Nitrogenous bases are categorized into two structural groups: pyrimidines and purines. Pyrimidine is a six-membered aromatic heterocycle containing two nitrogen atoms located at the $1$ and $3$ positions relative to each other. Purine is a condensed heterocycle formed by the fusion of a pyrimidine ring with an imidazole ring. Imidazole is a five-membered aromatic heterocycle that also contains two nitrogen atoms at the $1$ and $3$ positions.

There are two primary purine bases: adenine ($A$) and guanine ($G$). The pyrimidine bases include cytosine ($C$), thymine ($T$), and uracil ($U$). Notably, uracil is the demethylated version of thymine and is found in $RNA$, whereas thymine is typically found in $DNA$.

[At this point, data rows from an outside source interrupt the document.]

(* Let $G=(V,E)$ be a finite, simple, connected $K_w$-minor-free graph and let $U\subseteq V$ with $|U|\ge\max(w,4)$. Then every node of $U$ that participates in the maximum number of good quadruples in $U$ (among all nodes of $U$) is $U$-good.
   Context: The interval $I(u,v)$ is the set of nodes on at least one shortest $u$–$v$ path in $G$. A quadruple in $U$ is a set $\{(a,b),(c,d)\}$ of two unordered pairs with $a,b,c,d\in U$ distinct; it is good if $I(a,b)\cap I(c,d)\ne\emptyset$; a node participates in it if it is one of $a,b,c,d$. Let $q(U)$ and $q_{\mathrm{good}}(U)$ be the numbers of quadruples and of good quadruples in $U$, and $\epsilon_U=q_{\mathrm{good}}(U)/(8q(U))$. A node $a\in U$ is $U$-good if there is a subset $U_a\subseteq U$ of size at least $\lceil 4\epsilon_U(|U|-1)\rceil$ such that for every $b\in U_a$ the number of pairs $c,d\in U$ for which $\{(a,b),(c,d)\}$ is a good quadruple is at least $\lceil 4\epsilon_U\binom{|U|-2}{2}\rceil$. *)

theory Defs
  imports Complex_Main
begin

definition simple_graph :: "'a set \<Rightarrow> ('a \<Rightarrow> 'a \<Rightarrow> bool) \<Rightarrow> bool" where
  "simple_graph V E \<longleftrightarrow> finite V \<and> (\<forall>x y. E x y \<longrightarrow> x \<in> V \<and> y \<in> V)
     \<and> (\<forall>x y. E x y \<longrightarrow> E y x) \<and> (\<forall>x. \<not> E x x)"

definition connected_set :: "('a \<Rightarrow> 'a \<Rightarrow> bool) \<Rightarrow> 'a set \<Rightarrow> bool" where
  "connected_set E S \<longleftrightarrow> (\<forall>u\<in>S. \<forall>v\<in>S. (\<lambda>x y. E x y \<and> x \<in> S \<and> y \<in> S)\<^sup>*\<^sup>* u v)"

definition connected_graph :: "'a set \<Rightarrow> ('a \<Rightarrow> 'a \<Rightarrow> bool) \<Rightarrow> bool" where
  "connected_graph V E \<longleftrightarrow> V \<noteq> {} \<and> connected_set E V"

definition has_complete_minor :: "'a set \<Rightarrow> ('a \<Rightarrow> 'a \<Rightarrow> bool) \<Rightarrow> nat \<Rightarrow> bool" where
  "has_complete_minor V E w \<longleftrightarrow> (\<exists>B :: nat \<Rightarrow> 'a set.
      (\<forall>i<w. B i \<noteq> {} \<and> B i \<subseteq> V \<and> connected_set E (B i))
    \<and> (\<forall>i<w. \<forall>j<w. i \<noteq> j \<longrightarrow> B i \<inter> B j = {})
    \<and> (\<forall>i<w. \<forall>j<w. i \<noteq> j \<longrightarrow> (\<exists>x\<in>B i. \<exists>y\<in>B j. E x y)))"

definition walk :: "'a set \<Rightarrow> ('a \<Rightarrow> 'a \<Rightarrow> bool) \<Rightarrow> 'a list \<Rightarrow> bool" where
  "walk V E xs \<longleftrightarrow> xs \<noteq> [] \<and> set xs \<subseteq> V \<and> (\<forall>i. Suc i < length xs \<longrightarrow> E (xs ! i) (xs ! Suc i))"

definition gdist :: "'a set \<Rightarrow> ('a \<Rightarrow> 'a \<Rightarrow> bool) \<Rightarrow> 'a \<Rightarrow> 'a \<Rightarrow> nat" where
  "gdist V E u v = (LEAST n. \<exists>xs. walk V E xs \<and> hd xs = u \<and> last xs = v \<and> length xs = Suc n)"

definition interval :: "'a set \<Rightarrow> ('a \<Rightarrow> 'a \<Rightarrow> bool) \<Rightarrow> 'a \<Rightarrow> 'a \<Rightarrow> 'a set" where
  "interval V E u v = {x. \<exists>xs. walk V E xs \<and> hd xs = u \<and> last xs = v
      \<and> length xs = Suc (gdist V E u v) \<and> x \<in> set xs}"

(* quadruple {(a,b),(c,d)} represented as the set {{a,b},{c,d}} *)
definition quadruples :: "'a set \<Rightarrow> 'a set set set" where
  "quadruples U = {{{a, b}, {c, d}} | a b c d.
      a \<in> U \<and> b \<in> U \<and> c \<in> U \<and> d \<in> U \<and> distinct [a, b, c, d]}"

definition good_quadruples :: "'a set \<Rightarrow> ('a \<Rightarrow> 'a \<Rightarrow> bool) \<Rightarrow> 'a set \<Rightarrow> 'a set set set" where
  "good_quadruples V E U = {{{a, b}, {c, d}} | a b c d.
      a \<in> U \<and> b \<in> U \<and> c \<in> U \<and> d \<in> U \<and> distinct [a, b, c, d]
      \<and> interval V E a b \<inter> interval V E c d \<noteq> {}}"

definition q :: "'a set \<Rightarrow> nat" where
  "q U = card (quadruples U)"

definition q_good :: "'a set \<Rightarrow> ('a \<Rightarrow> 'a \<Rightarrow> bool) \<Rightarrow> 'a set \<Rightarrow> nat" where
  "q_good V E U = card (good_quadruples V E U)"

definition eps :: "'a set \<Rightarrow> ('a \<Rightarrow> 'a \<Rightarrow> bool) \<Rightarrow> 'a set \<Rightarrow> real" where
  "eps V E U = real (q_good V E U) / (8 * real (q U))"

definition participation :: "'a set \<Rightarrow> ('a \<Rightarrow> 'a \<Rightarrow> bool) \<Rightarrow> 'a set \<Rightarrow> 'a \<Rightarrow> nat" where
  "participation V E U x = card {Q \<in> good_quadruples V E U. x \<in> \<Union>Q}"

definition good_partners :: "'a set \<Rightarrow> ('a \<Rightarrow> 'a \<Rightarrow> bool) \<Rightarrow> 'a set \<Rightarrow> 'a \<Rightarrow> 'a \<Rightarrow> nat" where
  "good_partners V E U a b = card {P. \<exists>c d. P = {c, d} \<and> c \<in> U \<and> d \<in> U
      \<and> {{a, b}, {c, d}} \<in> good_quadruples V E U}"

definition U_good :: "'a set \<Rightarrow> ('a \<Rightarrow> 'a \<Rightarrow> bool) \<Rightarrow> 'a set \<Rightarrow> 'a \<Rightarrow> bool" where
  "U_good V E U a \<longleftrightarrow> a \<in> U \<and> (\<exists>Ua \<subseteq> U.
      int (card Ua) \<ge> \<lceil>4 * eps V E U * (real (card U) - 1)\<rceil>
    \<and> (\<forall>b\<in>Ua. int (good_partners V E U a b)
          \<ge> \<lceil>4 * eps V E U * real ((card U - 2) choose 2)\<rceil>))"

end

(* Every node of U lies in (n - 1) * C(n - 2, 2) quadruples, where n = |U|, so double counting
   gives 4 q = n (n - 1) C(n - 2, 2), and likewise the participations of all nodes add up to
   4 q_good.  A node a of maximum participation therefore lies in at least
   4 q_good / n = 8 eps (n - 1) C(n - 2, 2) good quadruples.  Splitting these according to the
   partner b of a, each b contributes at most C(n - 2, 2); if fewer than 4 eps (n - 1) partners
   contributed at least 4 eps C(n - 2, 2), the total would fall short of this bound.
   The argument is pure counting: of the graph only the finiteness of U is used. *)
theory Submission
  imports Defs
begin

Nucleic Acids: Composition and Nucleotide Structure

Nucleic acids, specifically deoxyribonucleic acid ($DNA$) and ribonucleic acid ($RNA$), are biological polymers responsible for the conservation, replication, and transcription of genetic information. These polymers are often associated with proteins, forming complexes known as nucleoproteins. Just as proteins are polymers of $L\text{-amino acids}$ and polysaccharides are polymers of $D\text{-glucose}$, nucleic acids are polymers composed of monomeric units called nucleotides.

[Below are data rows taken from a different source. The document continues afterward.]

lemma nested_base_g_subset:
  assumes e: "distinct_base_nbhds X \<B> e" and y: "y \<in> topspace X" "y \<in> V" and "V \<subseteq> U"
    and fin: "finite {B\<in>\<B>. B \<inter> V \<noteq> {} \<and> \<not> B \<subseteq> U}"
    and n: "card {B\<in>\<B>. B \<inter> V \<noteq> {} \<and> \<not> B \<subseteq> U} \<le> n"
  shows "nested_base_g X e n y \<subseteq> U"
proof (cases "openin X {y}")
  case True
  then show ?thesis
    using y \<open>V \<subseteq> U\<close> by (auto simp: nested_base_g_def)
next
  case False
  let ?F = "{B\<in>\<B>. B \<inter> V \<noteq> {} \<and> \<not> B \<subseteq> U}"
  have inj: "inj (e y)" and range: "range (e y) \<subseteq> {B\<in>\<B>. y \<in> B}"
    using e y False by (auto simp: distinct_base_nbhds_def isolated_pts_def)
  have "\<not> e y ` {..n} \<subseteq> ?F"
  proof
    assume "e y ` {..n} \<subseteq> ?F"
    then have "card (e y ` {..n}) \<le> card ?F"
      using fin by (rule card_mono[rotated])
    moreover have "card (e y ` {..n}) = Suc n"
      using card_image[OF inj_on_subset[OF inj subset_UNIV]] by simp
    ultimately show False
      using n by simp
  qed
  then obtain k where "k \<le> n" "e y k \<notin> ?F"
    by blast
  moreover have "e y k \<in> \<B>" "y \<in> e y k"
    using range by auto
  ultimately have "e y k \<subseteq> U"
    using y by blast
  with \<open>k \<le> n\<close> False show ?thesis
    by (auto simp: nested_base_g_def)
qed

lemma eventually_nested_base_g_subset:
  assumes "regular_at X \<B> x" "distinct_base_nbhds X \<B> e"
    and x: "x \<in> topspace X - isolated_pts X" and "nbhd_of X V x"
  shows "eventually (\<lambda>n. nested_base_g X e n x \<subseteq> V) sequentially"
proof -
  have inj: "inj (e x)" and range: "range (e x) \<subseteq> {B\<in>\<B>. x \<in> B}"
    using assms(2) x by (auto simp: distinct_base_nbhds_def)
  have "MOST B. B \<in> \<B> \<and> x \<in> B \<longrightarrow> B \<subseteq> V"
    using regular_at_finite_not_subset[OF assms(1,4)] by (simp add: eventually_cofinite)
  then have "MOST n. e x n \<in> \<B> \<and> x \<in> e x n \<longrightarrow> e x n \<subseteq> V"
    using inj by (rule MOST_inj)
  moreover have "e x n \<in> \<B> \<and> x \<in> e x n" for n
    using range by auto
  ultimately have "eventually (\<lambda>n. e x n \<subseteq> V) sequentially"
    by (simp add: cofinite_eq_sequentially)
  then show ?thesis
    by (rule eventually_mono) (use x in \<open>auto simp: nested_base_g_def isolated_pts_def\<close>)
qed

lemma limitin_nested_base_g:
  assumes reg_x: "regular_at X \<B> x" and e: "distinct_base_nbhds X \<B> e"
    and x: "x \<in> topspace X - isolated_pts X"
    and ys: "\<And>n. ys n \<in> topspace X" "\<And>n. ys n \<in> nested_base_g X e n x"
    and xs: "\<And>n. xs n \<in> nested_base_g X e n (ys n)"
  shows "limitin X xs x sequentially"
  unfolding limitin_def
proof (intro conjI allI impI)
  fix U assume "openin X U \<and> x \<in> U"
  then have "nbhd_of X U x"
    by (simp add: openin_imp_nbhd_of)
  then obtain V where V: "openin X V" "x \<in> V" "V \<subseteq> U"
    and fin: "finite {B\<in>\<B>. B \<inter> V \<noteq> {} \<and> \<not> B \<subseteq> U}"
    using reg_x unfolding regular_at_def by blast
  have "eventually (\<lambda>n. nested_base_g X e n x \<subseteq> V) sequentially"
    using reg_x e x V by (intro eventually_nested_base_g_subset openin_imp_nbhd_of)
  moreover have "eventually (\<lambda>n. card {B\<in>\<B>. B \<inter> V \<noteq> {} \<and> \<not> B \<subseteq> U} \<le> n) sequentially"
    by (rule eventually_ge_at_top)
  ultimately show "eventually (\<lambda>n. xs n \<in> U) sequentially"
  proof eventually_elim
    case (elim n)
    then have "ys n \<in> V"
      using ys(2) by blast
    then have "nested_base_g X e n (ys n) \<subseteq> U"
      using nested_base_g_subset[OF e ys(1) _ V(3) fin elim(2)] by blast
    then show ?case
      using xs by blast
  qed
qed (use x in blast)

lemma gamma_space_if_regular_base_at_nonisolated:
  assumes t1: "t1_space X" and reg: "regular_base_at_nonisolated X \<B>"
  shows "gamma_space X"
proof -
  have base: "is_base X \<B>"
    using reg by (simp add: regular_base_at_nonisolated_def)
  obtain e where e: "distinct_base_nbhds X \<B> e"
    using distinct_base_nbhds_exists[OF t1 base] by blast
  let ?g = "nested_base_g X e"
  have "limitin X xs x sequentially"
    if x: "x \<in> topspace X"
      and seq: "\<forall>n. xs n \<in> topspace X \<and> ys n \<in> topspace X \<and> xs n \<in> ?g n (ys n) \<and> ys n \<in> ?g n x"
    for x xs ys
  proof (cases "openin X {x}")
    case True
    then have "ys n = x" for n
      using seq by (simp add: nested_base_g_def)
    then have "xs n = x" for n
      using seq True by (simp add: nested_base_g_def)
    then show ?thesis
      using x by (simp add: limitin_sequentially)
  next
    case False
    then have "x \<in> topspace X - isolated_pts X"
      using x by (simp add: isolated_pts_def)
    moreover from this have "regular_at X \<B> x"
      using reg by (simp add: regular_base_at_nonisolated_def)
    ultimately show ?thesis
      using e seq by (intro limitin_nested_base_g[where ys = ys]) auto
  qed
  then show ?thesis
    unfolding gamma_space_def using g_function_nested_base_g[OF base e] by blast
qed

lemma locally_finite_in_traces_and_singletons:
  assumes "\<Union>\<M> \<subseteq> topspace X"
    and W: "\<And>x. x \<in> W \<Longrightarrow> \<exists>V. openin X V \<and> x \<in> V \<and> V \<subseteq> W \<and> finite {m\<in>\<M>. m \<inter> V \<noteq> {}}"
    and isolated: "\<And>y. y \<in> topspace X - W \<Longrightarrow> openin X {y}"
  shows "locally_finite_in X ((\<lambda>m. m \<inter> W) ` \<M> \<union> (\<lambda>y. {y}) ` (topspace X - W))"
    (is "locally_finite_in X ?\<V>")
  unfolding locally_finite_in_def
proof (intro conjI ballI)
  show "\<Union>?\<V> \<subseteq> topspace X"
    using assms(1) by auto
  fix x assume x: "x \<in> topspace X"
  show "\<exists>V. openin X V \<and> x \<in> V \<and> finite {A\<in>?\<V>. A \<inter> V \<noteq> {}}"
  proof (cases "x \<in> W")
    case True
    then obtain V where V: "openin X V" "x \<in> V" "V \<subseteq> W" "finite {m\<in>\<M>. m \<inter> V \<noteq> {}}"
      using W by blast
    have "{A\<in>?\<V>. A \<inter> V \<noteq> {}} \<subseteq> (\<lambda>m. m \<inter> W) ` {m\<in>\<M>. m \<inter> V \<noteq> {}}"
      using V(3) by auto
    then have "finite {A\<in>?\<V>. A \<inter> V \<noteq> {}}"
      by (rule finite_surj[OF V(4)])
    with V(1,2) show ?thesis
      by blast
  next
    case False
    have "{A\<in>?\<V>. A \<inter> {x} \<noteq> {}} \<subseteq> {{x}}"
      using False by auto
    then have "finite {A\<in>?\<V>. A \<inter> {x} \<noteq> {}}"
      by (rule finite_subset) simp
    with isolated x False show ?thesis
      by blast
  qed
qed

lemma open_refinement_by_traces_and_singletons:
  assumes cover: "\<Union>\<U> = topspace X"
    and M: "\<forall>m\<in>\<M>. openin X m \<and> (\<exists>U\<in>\<U>. m \<subseteq> U)"
    and W: "openin X W" "W \<subseteq> \<Union>\<M>"
    and W_locally_finite: "\<And>x. x \<in> W \<Longrightarrow>
          \<exists>V. openin X V \<and> x \<in> V \<and> V \<subseteq> W \<and> finite {m\<in>\<M>. m \<inter> V \<noteq> {}}"
    and isolated: "\<And>y. y \<in> topspace X - W \<Longrightarrow> openin X {y}"
  shows "\<exists>\<V>. (\<forall>V\<in>\<V>. openin X V) \<and> \<Union>\<V> = topspace X \<and>
           (\<forall>V\<in>\<V>. \<exists>U\<in>\<U>. V \<subseteq> U) \<and> locally_finite_in X \<V>"
proof -
  let ?\<V> = "(\<lambda>m. m \<inter> W) ` \<M> \<union> (\<lambda>y. {y}) ` (topspace X - W)"
  have M_subset: "\<Union>\<M> \<subseteq> topspace X"
    using M openin_subset by blast
  then have "locally_finite_in X ?\<V>"
    using W_locally_finite isolated by (rule locally_finite_in_traces_and_singletons)
  moreover have "\<Union>?\<V> = topspace X"
  proof
    show "\<Union>?\<V> \<subseteq> topspace X"
      using M_subset by blast
    show "topspace X \<subseteq> \<Union>?\<V>"
    proof
      fix y assume y: "y \<in> topspace X"
      show "y \<in> \<Union>?\<V>"
      proof (cases "y \<in> W")
        case True
        then obtain m where "m \<in> \<M>" "y \<in> m"
          using W(2) by blast
        with True show ?thesis
          by blast
      next
        case False
        with y show ?thesis
          by blast
      qed
    qed
  qed
  moreover have open_refining: "openin X V \<and> (\<exists>U\<in>\<U>. V \<subseteq> U)" if "V \<in> ?\<V>" for V
  proof -
    from that consider m where "m \<in> \<M>" "V = m \<inter> W" | y where "y \<in> topspace X - W" "V = {y}"
      by blast
    then show ?thesis
    proof cases
      case 1
      with M have "openin X m" "\<exists>U\<in>\<U>. m \<subseteq> U"
        by blast+
      with 1 W(1) show ?thesis
        by (blast intro: openin_Int)
    next
      case 2
      with isolated cover show ?thesis
        by blast
    qed
  qed
  ultimately show ?thesis
    by (intro exI[of _ ?\<V>] conjI ballI) (simp_all add: open_refining)
qed

lemma locally_finite_refinement_if_nonisolated:
  assumes cover: "\<Union>\<U> = topspace X"
    and M: "\<forall>m\<in>\<M>. openin X m \<and> (\<exists>U\<in>\<U>. m \<subseteq> U)"
    and locally_finite: "\<forall>x \<in> topspace X - isolated_pts X.
          \<exists>V. openin X V \<and> x \<in> V \<and> V \<subseteq> \<Union>\<M> \<and> finite {m\<in>\<M>. m \<inter> V \<noteq> {}}"
  shows "\<exists>\<V>. (\<forall>V\<in>\<V>. openin X V) \<and> \<Union>\<V> = topspace X \<and>
           (\<forall>V\<in>\<V>. \<exists>U\<in>\<U>. V \<subseteq> U) \<and> locally_finite_in X \<V>"
proof -
  define \<W> where "\<W> = {V. openin X V \<and> V \<subseteq> \<Union>\<M> \<and> finite {m\<in>\<M>. m \<inter> V \<noteq> {}}}"
  have open_W: "openin X (\<Union>\<W>)"
    unfolding \<W>_def by blast
  have W_subset: "\<Union>\<W> \<subseteq> \<Union>\<M>"
    unfolding \<W>_def by blast
  have W_locally_finite: "\<exists>V. openin X V \<and> x \<in> V \<and> V \<subseteq> \<Union>\<W> \<and> finite {m\<in>\<M>. m \<inter> V \<noteq> {}}"
    if "x \<in> \<Union>\<W>" for x
  proof -
    from that obtain V where "V \<in> \<W>" "x \<in> V"
      by blast
    moreover from this have "openin X V" "finite {m\<in>\<M>. m \<inter> V \<noteq> {}}"
      by (simp_all add: \<W>_def)
    ultimately show ?thesis
      by blast
  qed
  have isolated: "openin X {y}" if y: "y \<in> topspace X - \<Union>\<W>" for y
  proof (rule ccontr)
    assume "\<not> openin X {y}"
    with y have "y \<in> topspace X - isolated_pts X"
      by (simp add: isolated_pts_def)
    from locally_finite[rule_format, OF this] obtain V
      where "openin X V" "y \<in> V" "V \<subseteq> \<Union>\<M>" "finite {m\<in>\<M>. m \<inter> V \<noteq> {}}"
      by blast
    then have "V \<in> \<W>"
      by (simp add: \<W>_def)
    with y \<open>y \<in> V\<close> show False
      by blast
  qed
  show ?thesis
    using cover M open_W W_subset W_locally_finite isolated
    by (rule open_refinement_by_traces_and_singletons)
qed

definition maximal_sets :: "'a set set \<Rightarrow> 'a set set" where
  "maximal_sets \<P> = {B\<in>\<P>. \<forall>C\<in>\<P>. B \<subseteq> C \<longrightarrow> C = B}"

lemma regular_at_maximal_superset:
  assumes "regular_at X \<B> x" "\<P> \<subseteq> \<B>" "B \<in> \<P>" "x \<in> B" "openin X B"
  shows "\<exists>m\<in>maximal_sets \<P>. B \<subseteq> m"
proof -
  let ?S = "{C\<in>\<P>. B \<subseteq> C}"
  have "?S \<subseteq> insert B {C\<in>\<B>. x \<in> C \<and> \<not> C \<subseteq> B}"
    using assms(2,4) by auto
  then have "finite ?S"
    using regular_at_finite_not_subset[OF assms(1) openin_imp_nbhd_of[OF assms(5,4)]]
    by (simp add: finite_subset)
  moreover have "?S \<noteq> {}"
    using assms(3) by blast
  ultimately obtain m where m: "m \<in> ?S" "\<forall>C\<in>?S. m \<subseteq> C \<longrightarrow> m = C"
    using finite_has_maximal by meson
  have "m \<in> maximal_sets \<P>"
    unfolding maximal_sets_def
  proof (intro CollectI conjI ballI impI)
    fix C assume "C \<in> \<P>" "m \<subseteq> C"
    with m show "C = m"
      by auto
  qed (use m in blast)
  with m show ?thesis
    by blast
qed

The complete hydrolysis of a single nucleotide yields three distinct components: a nitrogenous base, an aldopentose sugar, and a phosphate group. In $RNA$, the sugar is $D\text{-ribose}$, whereas in $DNA$, the sugar is $D\text{-2-deoxyribose}$. These sugars are always present in their furanose form and specifically as the $\beta$ anomer. Within the structure of a nucleotide, the nitrogenous base attaches to the $C\text{-1}'$ of the sugar via one of the nitrogen atoms in the imidazole nucleus (for purines) or the pyrimidine ring (for pyrimidines). The phosphate group attaches to the $C\text{-5}'$ of the sugar. It is important to note that the phosphate group is completely ionized at a physiological $pH = 7$.

Primary and Secondary Structures of DNA

The primary structure of a nucleic acid is defined by the sequence of nucleotides linked together by ester bridges. These phosphodiester bonds form between the phosphate group at the $C\text{-5}'$ position of one nucleotide and the hydroxyl ($OH$) group at the $C\text{-3}'$ position of the sugar in the subsequent nucleotide.

In 1953, Watson and Crick proposed the classical double helix theory for the secondary structure of $DNA$. According to this model, $DNA$ consists of two complementary strands that run in opposite directions (antiparallel) and wrap around each other. The double helix is stabilized by hydrogen bonds ($H\text{-bonds}$) formed between complementary pairs of bases on the internal side of the helix. Each pair consists of one purine and one pyrimidine. Specifically, adenine ($A$) always pairs with thymine ($T$) via two hydrogen bonds, while cytosine ($C$) pairs with guanine ($G$) via three hydrogen bonds.